Shirley Yang
Reporter
Curious and cautious kids just weeks old step outside the wooden barn for the first time. Some of the goats linger towards the open door while others boldly step out of their nursery and into the sunlight, playfully jumping around in a pen at Sprout Creek Farm, a working farm, educational center, retail market and summer camp located in Poughkeepsie, N.Y.
Years before Sprout Creek was donated to the Society of the Sacred Heart in 1982, sisters teaching at Convent of the Sacred Heart in Greenwich, Conn., had already begun raising a few animals with their students.
“It began with a purely educational idea to fill in blanks of education, so young people would learn the connections between real and the conceptual,” Sister Margot Morris, RSCJ, who co-founded and is the director of Sprout Creek Farm, said.
The farm makes and sells cheese to support its educational programs, milking its own animals raised on organic feed and grass. Spring is especially busy at the farm as the 30 plus cows calve every few weeks and approximately 75 does give birth to typically two kids at a time.
While the farm keeps some female calves and kids for future milk producers, most of the offspring are sold or butchered for meat.
“We want to stress the importance of knowing where your food comes from,” said Morris. “Our job is not to sugarcoat the process. We tell the students exactly how their food is made.”
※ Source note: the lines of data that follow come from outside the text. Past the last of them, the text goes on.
lemma topspace_relaxed_topology [simp]: "topspace (relaxed_topology S) = UNIV"
proof -
  have "openin (relaxed_topology S) UNIV"
    unfolding openin_relaxed_topology by (intro ballI exI[of _ "{}"] conjI exI[of _ 1]) auto
  then show ?thesis
    using openin_subset by blast
qed

lemma openin_relaxed_topology_ball:
  fixes S :: "('a::unital_cstar_algebra \<Rightarrow> real) set" and e :: real
  assumes S: "\<forall>p\<in>S. is_seminorm p" and F: "finite F" "F \<subseteq> S" and "e > 0"
  shows "openin (relaxed_topology S) {y. \<forall>p\<in>F. p (y - a) < e}"
  unfolding openin_relaxed_topology
proof
  fix z assume z: "z \<in> {y. \<forall>p\<in>F. p (y - a) < e}"
  define M where "M = Max (insert 0 ((\<lambda>p. p (z - a)) ` F))"
  have "M < e"
    using Max_in[of "insert 0 ((\<lambda>p. p (z - a)) ` F)"] F z \<open>e > 0\<close> by (auto simp: M_def)
  moreover have "p (y - a) < e" if "p \<in> F" "p (y - z) < e - M" for p y
  proof -
    have "p (z - a) \<le> M"
      using F that(1) by (simp add: M_def)
    with that seminorm_diff_triangle[of p y a z] S F show ?thesis
      by fastforce
  qed
  ultimately show "\<exists>F'. finite F' \<and> F' \<subseteq> S \<and>
      (\<exists>e'>0. {y. \<forall>p\<in>F'. p (y - z) < e'} \<subseteq> {y. \<forall>p\<in>F. p (y - a) < e})"
    using F by (intro exI[of _ F] conjI exI[of _ "e - M"]) auto
qed

lemma continuous_map_relaxed_topologyI:
  fixes S :: "('a::unital_cstar_algebra \<Rightarrow> real) set" and f :: "'x \<Rightarrow> 'a"
  assumes nbhd: "\<And>x F e. x \<in> topspace X \<Longrightarrow> finite F \<Longrightarrow> F \<subseteq> S \<Longrightarrow> (e::real) > 0 \<Longrightarrow>
    \<exists>V. openin X V \<and> x \<in> V \<and> (\<forall>y\<in>V. \<forall>p\<in>F. p (f y - f x) < e)"
  shows "continuous_map X (relaxed_topology S) f"
  unfolding continuous_map_def
proof (intro conjI allI impI)
  fix U assume "openin (relaxed_topology S) U"
  then have U: "\<forall>x\<in>U. \<exists>F. finite F \<and> F \<subseteq> S \<and> (\<exists>e>0. {y. \<forall>p\<in>F. p (y - x) < e} \<subseteq> U)"
    by (simp add: openin_relaxed_topology)
  show "openin X {x \<in> topspace X. f x \<in> U}"
  proof (subst openin_subopen, intro ballI)
    fix x assume x: "x \<in> {x \<in> topspace X. f x \<in> U}"
    then have "\<exists>F. finite F \<and> F \<subseteq> S \<and> (\<exists>e>0. {y. \<forall>p\<in>F. p (y - f x) < e} \<subseteq> U)"
      using U by simp
    then obtain F and e :: real
      where F: "finite F" "F \<subseteq> S" "e > 0" and sub: "{y. \<forall>p\<in>F. p (y - f x) < e} \<subseteq> U"
      by blast
    obtain V where V: "openin X V" "x \<in> V" "\<forall>y\<in>V. \<forall>p\<in>F. p (f y - f x) < e"
      using nbhd[OF _ F] x by blast
    have "V \<subseteq> {x \<in> topspace X. f x \<in> U}"
    proof
      fix y assume "y \<in> V"
      then have "y \<in> topspace X" "f y \<in> {y. \<forall>p\<in>F. p (y - f x) < e}"
        using openin_subset[OF V(1)] V(3) by auto
      with sub show "y \<in> {x \<in> topspace X. f x \<in> U}"
        by blast
    qed
    with V show "\<exists>T. openin X T \<and> x \<in> T \<and> T \<subseteq> {x \<in> topspace X. f x \<in> U}"
      by blast
  qed
qed auto

lemma continuous_map_relaxed_topologyD:
  fixes S :: "('a::unital_cstar_algebra \<Rightarrow> real) set" and f :: "'x \<Rightarrow> 'a" and e :: real
  assumes S: "\<forall>p\<in>S. is_seminorm p" and f: "continuous_map X (relaxed_topology S) f"
    and x: "x \<in> topspace X" and F: "finite F" "F \<subseteq> S" and "e > 0"
  shows "\<exists>V. openin X V \<and> x \<in> V \<and> (\<forall>y\<in>V. \<forall>p\<in>F. p (f y - f x) < e)"
proof -
  let ?V = "{y \<in> topspace X. f y \<in> {z. \<forall>p\<in>F. p (z - f x) < e}}"
  have "openin X ?V"
    using f openin_relaxed_topology_ball[OF S F \<open>e > 0\<close>] by (rule openin_continuous_map_preimage)
  moreover have "x \<in> ?V"
  proof -
    have "p (f x - f x) < e" if "p \<in> F" for p
      using that F S \<open>e > 0\<close> seminorm_zero[of p] by auto
    with x show ?thesis
      by simp
  qed
  moreover have "\<forall>y\<in>?V. \<forall>p\<in>F. p (f y - f x) < e"
    by simp
  ultimately show ?thesis
    by blast
qed

lemma continuous_map_relaxed_scaleC:
  fixes S :: "('a::unital_cstar_algebra \<Rightarrow> real) set"
  assumes S: "\<forall>p\<in>S. is_seminorm p"
  shows "continuous_map (relaxed_topology S) (relaxed_topology S) (scaleC c)"
proof (rule continuous_map_relaxed_topologyI)
  fix a F and e :: real
  assume F: "finite F" "F \<subseteq> S" and "e > 0"
  have c1: "cmod c + 1 > 0"
    using norm_ge_zero[of c] by linarith
  define d where "d = e / (cmod c + 1)"
  have "d > 0"
    using \<open>e > 0\<close> c1 by (simp add: d_def)
  let ?V = "{y. \<forall>p\<in>F. p (y - a) < d}"
  have "openin (relaxed_topology S) ?V"
    using openin_relaxed_topology_ball[OF S F \<open>d > 0\<close>] .
  moreover have "a \<in> ?V"
    using F S \<open>d > 0\<close> by (auto simp: seminorm_zero)
  moreover have "p (scaleC c y - scaleC c a) < e" if "y \<in> ?V" "p \<in> F" for y p
  proof -
    have p: "is_seminorm p"
      using that(2) F S by blast
    have "p (scaleC c y - scaleC c a) = cmod c * p (y - a)"
      using seminorm_scaleC_diff[OF p] .
    also have "\<dots> \<le> (cmod c + 1) * p (y - a)"
      using seminorm_nonneg[OF p] by (simp add: distrib_right)
    also have "\<dots> < (cmod c + 1) * d"
      using that c1 by (intro mult_strict_left_mono) auto
    also have "\<dots> = e"
      using c1 by (simp add: d_def)
    finally show ?thesis .
  qed
  ultimately show "\<exists>V. openin (relaxed_topology S) V \<and> a \<in> V \<and>
      (\<forall>y\<in>V. \<forall>p\<in>F. p (scaleC c y - scaleC c a) < e)"
    by blast
qed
Sprout Creek Farm sells its cheeses to a variety of stores and cheese shops locally and in Manhattan, as well as to the Culinary Institute of America in nearby Hyde Park. A farm market is attached to the cow barn and creamery allowing shoppers watch cheese production and sample farm-made cheeses.
Sprout Creek Farm runs year-round day programs, day and overnight summer camps and programs for adults, teens and children six and older “to love our fragile earth, to understand our connectedness to it, and thus to develop a passion for protecting its integrity,” according to its website.
Seniors Emily Bloch, Kristen Kennedy and Nicola Forbes attended a Network summer program at the farm just before their sophomore year.
“We woke up every morning at 6 a.m., did our morning chores of feeding and milking the animals, going to the garden to pick weeds or berries to eat or went to the local soup kitchen,” Bloch said. “All three of our meals would consist of fresh food from the farm. I didn’t shower once the entire week, but I loved it.”
The farm hosts around 2,500 young people during each school year, and staff says the calendar is reserved a full year in advance.
“We welcome all students to come to the farm and learn the value of farming,” Morris said.